Based on the findings outlined in the previous paragraphs the working hypothesis for the
present proposal is that exposure to mild IH leads to LTF of upper airway muscle activity
that manifests in increased stability of the upper airway, which could ultimately reduce the
CPAP required to treat OSA. As previously reported, a reduction in the therapeutic pressure
necessary for the maintenance of airway patency leads to improved comfort and ultimately
treatment compliance, which is approximately 40 % amongst users. Indeed, the preliminary data
shows that following acute exposure to IH during sleep, and repeated daily exposure to IH
during wakefulness, the therapeutic pressure required for the maintenance of upper airway
patency was significantly reduced during sleep. The reduced therapeutic pressure was also
coupled to a reduction in upper airway resistance and the critical closing pressure. These
modifications ultimately led to increased CPAP compliance. The numerous co‐morbidities listed
in the initial paragraph, which have been linked to hallmarks of sleep apnea (e.g. sleep
fragmentation and severe IH), could be significantly improved by increased compliance to
CPAP. In addition, as outlined above, IH may directly impact on a variety of co‐morbidities
associated with sleep apnea independent of CPAP compliance. Collectively, exposure to IH
could impact on comorbidities linked to sleep apnea both directly and via improved
therapeutic compliance to CPAP.

Thus, our proposal will determine if mild IH can serve as an adjunct therapy coupled to CPAP
to mitigate associated co‐morbidities via its direct effects on a variety of autonomic,
cardiovascular, neurocognitive and metabolic measures and indirectly by improving CPAP
compliance. Autonomic and cardiovascular modifications will be the primary outcome measures
coupled to secondary neurocognitive measures. In addition, metabolic, inflammatory and
angiogenic/vasculogenic biomarkers will be measured to indicate the safety and efficacy of
exposure to IH.

Inclusion Criteria:

- Body mass index < 40 kg/m^2.

- 18 to 60 years old.

- Newly diagnosed sleep apnea (i.e. apnea/hypopnea index < 80 events per hour - average
nocturnal oxygen saturation > 85 %) that has not been treated.
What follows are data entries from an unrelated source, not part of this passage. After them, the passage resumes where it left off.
lemma mpow_commute: "M ** A = A ** M \<Longrightarrow> M ** mpow A k = mpow A k ** M"
proof (induct k)
  case 0
  then show ?case by (simp add: matrix_mul_lid matrix_mul_rid)
next
  case (Suc k)
  have "M ** mpow A (Suc k) = (M ** A) ** mpow A k" by (simp add: matrix_mul_assoc)
  also have "\<dots> = A ** (M ** mpow A k)" by (metis Suc.prems matrix_mul_assoc)
  also have "\<dots> = A ** (mpow A k ** M)" using Suc by simp
  also have "\<dots> = mpow A (Suc k) ** M" by (simp add: matrix_mul_assoc)
  finally show ?case .
qed

definition entry_norm_sum :: "complex^'n^'n \<Rightarrow> real" where
  "entry_norm_sum A = (\<Sum>i\<in>UNIV. \<Sum>j\<in>UNIV. norm (A $ i $ j))"

lemma row_norm_sum_le_entry_norm_sum: "(\<Sum>j\<in>UNIV. norm (A $ i $ j)) \<le> entry_norm_sum A"
  unfolding entry_norm_sum_def
  by (rule member_le_sum[where f = "\<lambda>i. \<Sum>j\<in>UNIV. norm (A $ i $ j)"]) (auto intro: sum_nonneg)

lemma norm_mpow_entry_le: "norm (mpow A k $ i $ j) \<le> entry_norm_sum A ^ k"
proof (induct k arbitrary: i j)
  case 0
  then show ?case by (simp add: mat_def)
next
  case (Suc k)
  have "norm (mpow A (Suc k) $ i $ j) = norm (\<Sum>l\<in>UNIV. A $ i $ l * mpow A k $ l $ j)"
    by (simp add: matrix_matrix_mult_def)
  also have "\<dots> \<le> (\<Sum>l\<in>UNIV. norm (A $ i $ l)) * entry_norm_sum A ^ k"
    unfolding sum_distrib_right
    by (rule order_trans[OF norm_sum sum_mono]) (simp add: norm_mult mult_left_mono Suc)
  also have "\<dots> \<le> entry_norm_sum A * entry_norm_sum A ^ k"
    by (rule mult_right_mono[OF row_norm_sum_le_entry_norm_sum])
      (simp add: entry_norm_sum_def sum_nonneg)
  finally show ?case by simp
qed
(* Let $\gamma>0$. There exists a sequence of positive numbers $(\alpha_n)_{n\ge2}$ such that, with the convention $\alpha_1=0$, $$\sup_{n\ge2}\Big\{(1+2\nu_n)\Big(p_n+\frac{|q_n|}{\alpha_n}+|q_{n-1}|\,\alpha_{n-1}\Big)\Big\}<1 .$$
   Context: For $\gamma>0$ and integers $n\ge1$ define $\nu_n=\nu_n(\gamma)=(-1)^n\frac{\Gamma(2\gamma)\Gamma(n+\gamma)}{\Gamma(\gamma)\Gamma(n+2\gamma)}$, $p_n=p_n(\gamma)=\frac{2n(n-1)+(6n-4)\gamma+6\gamma^2}{(2n+3\gamma)(2n+3\gamma-2)}=\frac12+\frac{-\gamma+\frac32\gamma^2}{(2n+3\gamma)(2n+3\gamma-2)}$, $q_n=q_n(\gamma)=-\frac{1}{2n+3\gamma}\sqrt{\frac{(n+3\gamma-1)(n+1)(n+\gamma)}{(2n+3\gamma+1)(2n+3\gamma-1)}}$. (These arise from the Jacobi polynomials orthogonal for Beta$(\gamma,2\gamma)$: $p_n$ and $q_n$ are the diagonal and normalized off-diagonal entries of multiplication by $1-u$.) *)

theory Defs
  imports "HOL-Analysis.Analysis"
begin

definition nu :: "real \<Rightarrow> nat \<Rightarrow> real" where
  "nu \<gamma> n = (-1) ^ n * (Gamma (2*\<gamma>) * Gamma (real n + \<gamma>)) /
                (Gamma \<gamma> * Gamma (real n + 2*\<gamma>))"

definition p :: "real \<Rightarrow> nat \<Rightarrow> real" where
  "p \<gamma> n = (2 * real n * (real n - 1) + (6 * real n - 4) * \<gamma> + 6 * \<gamma>^2) /
              ((2 * real n + 3*\<gamma>) * (2 * real n + 3*\<gamma> - 2))"

definition q :: "real \<Rightarrow> nat \<Rightarrow> real" where
  "q \<gamma> n = - (1 / (2 * real n + 3*\<gamma>)) *
     sqrt (((real n + 3*\<gamma> - 1) * (real n + 1) * (real n + \<gamma>)) /
           ((2 * real n + 3*\<gamma> + 1) * (2 * real n + 3*\<gamma> - 1)))"

end

theory Submission
  imports Defs
begin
- Diagnosed with prehypertension or Stage 1 hypertension as categorized by the American
Heart Association

- Not pregnant.

- Normal lung function.

- Minimal alcohol consumption (i.e. no more than the equivalent of a glass of wine/day)

- A typical sleep/wake schedule (i.e. participants will not be night shift workers or
have recently travelled across time zones).

Exclusion Criteria:

- Any disease other than high blood pressure and sleep apnea.

- Medications for high blood pressure and sleep promoting supplements including
melatonin

- Current effective CPAP usage (greater than 4 hours per night).

- Night Shift workers or recently traveled across time zones.